Elise van Nederveen Meerkerk

International Institute of Social History

Amsterdam, The Netherlands

Introduction

Until 1568, the northern Netherlands had belonged to the Habsburg Empire. A combination of economic crisis, power struggle between the Dutch gentry and the Spanish king over his policy and taxes, and religious differences, led to the revolt of several provinces in the north against the Spanish Crown. This revolt resulted in a war for independence that would last for 80 years, until the Peace of Westphalia was signed in 1648. In 1588, seven provinces had proclaimed the Dutch Republic of United Provinces (in the following: ‘the Republic’).[1] The Republic was governed by the Estates General, in which all provinces were represented. Despite the ongoing warfare, relative peace existed in the economically most important provinces of the Republic, Holland and Zealand, after 1585. In the southern Netherlands, the war against the Spanish troops continued, resulting in the loss of their key position in trade and industry. Thousands of protestant migrants fled from the southern parts of the Netherlands to the safer cities in the north. This migration provided the northern Netherlands with a new labour force. Furthermore, many of the refugees were rich merchants from cities like Antwerp and Ghent, who brought capital and knowledge, giving an economical impulse to the Dutch cities in which they settled.[2] The then unstable international situation, with England and France at constant war, continued for almost a century. Due to all these circumstances, the Dutch Republic became the centre of the world economy from the 1580s until at least 1650. The Dutch leading role in shipping and trade led to the development of a large staple market in the city of Amsterdam, where people dealt in goods from all over the world.[3]

Because of the Republic’s primacy in world trade, historians have mainly focused on this aspect of the early modern Dutch economy. Lately it is recognized, however, that industry has also been very important for the economic development of this region.[4] Especially the export-oriented textile industry was considerably large in certain parts of the Netherlands in the 17th and 18th centuries. Much of our knowledge of the textile industry in this period is based on the vast work on the wool industry of the largest textile-producing city of Leiden, that N.W. Posthumus wrote in the first half of the 20th century.[5] Other research is also mainly regionally oriented. Here, we will try to extend this knowledge, by looking at several textile-producing regions within the northern Netherlands at the same time, and by analysing major shifts and interdependencies between them.

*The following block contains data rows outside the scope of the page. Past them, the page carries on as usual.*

definition famUN :: "('a, 'b) monoid_scheme \<Rightarrow> 'a set \<Rightarrow> 'a set set \<Rightarrow> 'a set set" where
  "famUN G N \<K> = {K \<in> \<K>. K <#>\<^bsub>G\<^esub> N = carrier G}"

text \<open>Image of a subgroup in G/N (a set of cosets).\<close>
definition bar :: "('a, 'b) monoid_scheme \<Rightarrow> 'a set \<Rightarrow> 'a set \<Rightarrow> 'a set set" where
  "bar G N H = (\<lambda>h. N #>\<^bsub>G\<^esub> h) ` H"

definition bar_fam :: "('a, 'b) monoid_scheme \<Rightarrow> 'a set \<Rightarrow> 'a set set \<Rightarrow> 'a set set set" where
  "bar_fam G N \<K> = bar G N ` famN G N \<K>"

definition divided_by :: "('a, 'b) monoid_scheme \<Rightarrow> 'a set \<Rightarrow> 'a set set \<Rightarrow> bool" where
  "divided_by G N \<K> =
    ((\<forall>H \<in> famN G N \<K>. H <#>\<^bsub>G\<^esub> N \<in> \<K>) \<and>
     (\<forall>H \<in> famN G N \<K>. \<forall>K \<in> famUN G N \<K>. (H <#>\<^bsub>G\<^esub> N) \<inter> K \<in> \<K>))"

definition strongly_divided_by :: "('a, 'b) monoid_scheme \<Rightarrow> 'a set \<Rightarrow> 'a set set \<Rightarrow> bool" where
  "strongly_divided_by G N \<K> =
    ((\<forall>H \<in> famN G N \<K>. N \<subseteq> H) \<and>
     (\<forall>F. finite F \<and> F \<noteq> {} \<and> F \<subseteq> famUN G N \<K> \<longrightarrow> (\<Inter>F) <#>\<^bsub>G\<^esub> N = carrier G))"

end

theory Submission
  imports Defs
begin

The Dutch textile industry: general developments 1650-1810

The Dutch economy was actually on its way down after 1650, although several sectors continued to flourish for quite some time. At the beginning of the 17th century, the production of woollen cloth was carried out in most parts of the Republic, albeit not always export oriented production on a large scale. However, the undisputed centre of woollen textiles had been Leiden, a city in the province of Holland, on the west coast of the Republic. Most other cities of Holland could not compete with Leiden, and in the first half of the century their production of woollens declined or vanished. In cities like Amsterdam and Rotterdam, textile entrepreneurs started to specialize in the finishing and trade of cloth instead.[6] The woollen industry in Leiden reached its peak in 1664. From then onwards, the city was gradually losing its position as the main cloth-producing centre of Europe. International competition increased, and within the Republic itself new production areas rose as well. This happened especially in the more peripheral agrarian regions, where labour costs were relatively low. For the spinning and weaving of wool, it was a village in the south of the Republic, Tilburg, that became important. Especially in the course of the eighteenth century, more and more villages on the countryside of Brabant developed a cloth industry.[7] Nevertheless, Leiden remained the most significant cloth producer until the end of the pre-industrial period.

The decreasing number of weavers’ guilds illustrates the decline of woollen weaving in the Dutch cities (see table 1). Of course, these figures can only give an indication. Although in most textile-producing areas there was a weavers’ guild, this was not the case in Leiden (abolished in 1561) and in Tilburg (only established in 1767), notably the most important production centres.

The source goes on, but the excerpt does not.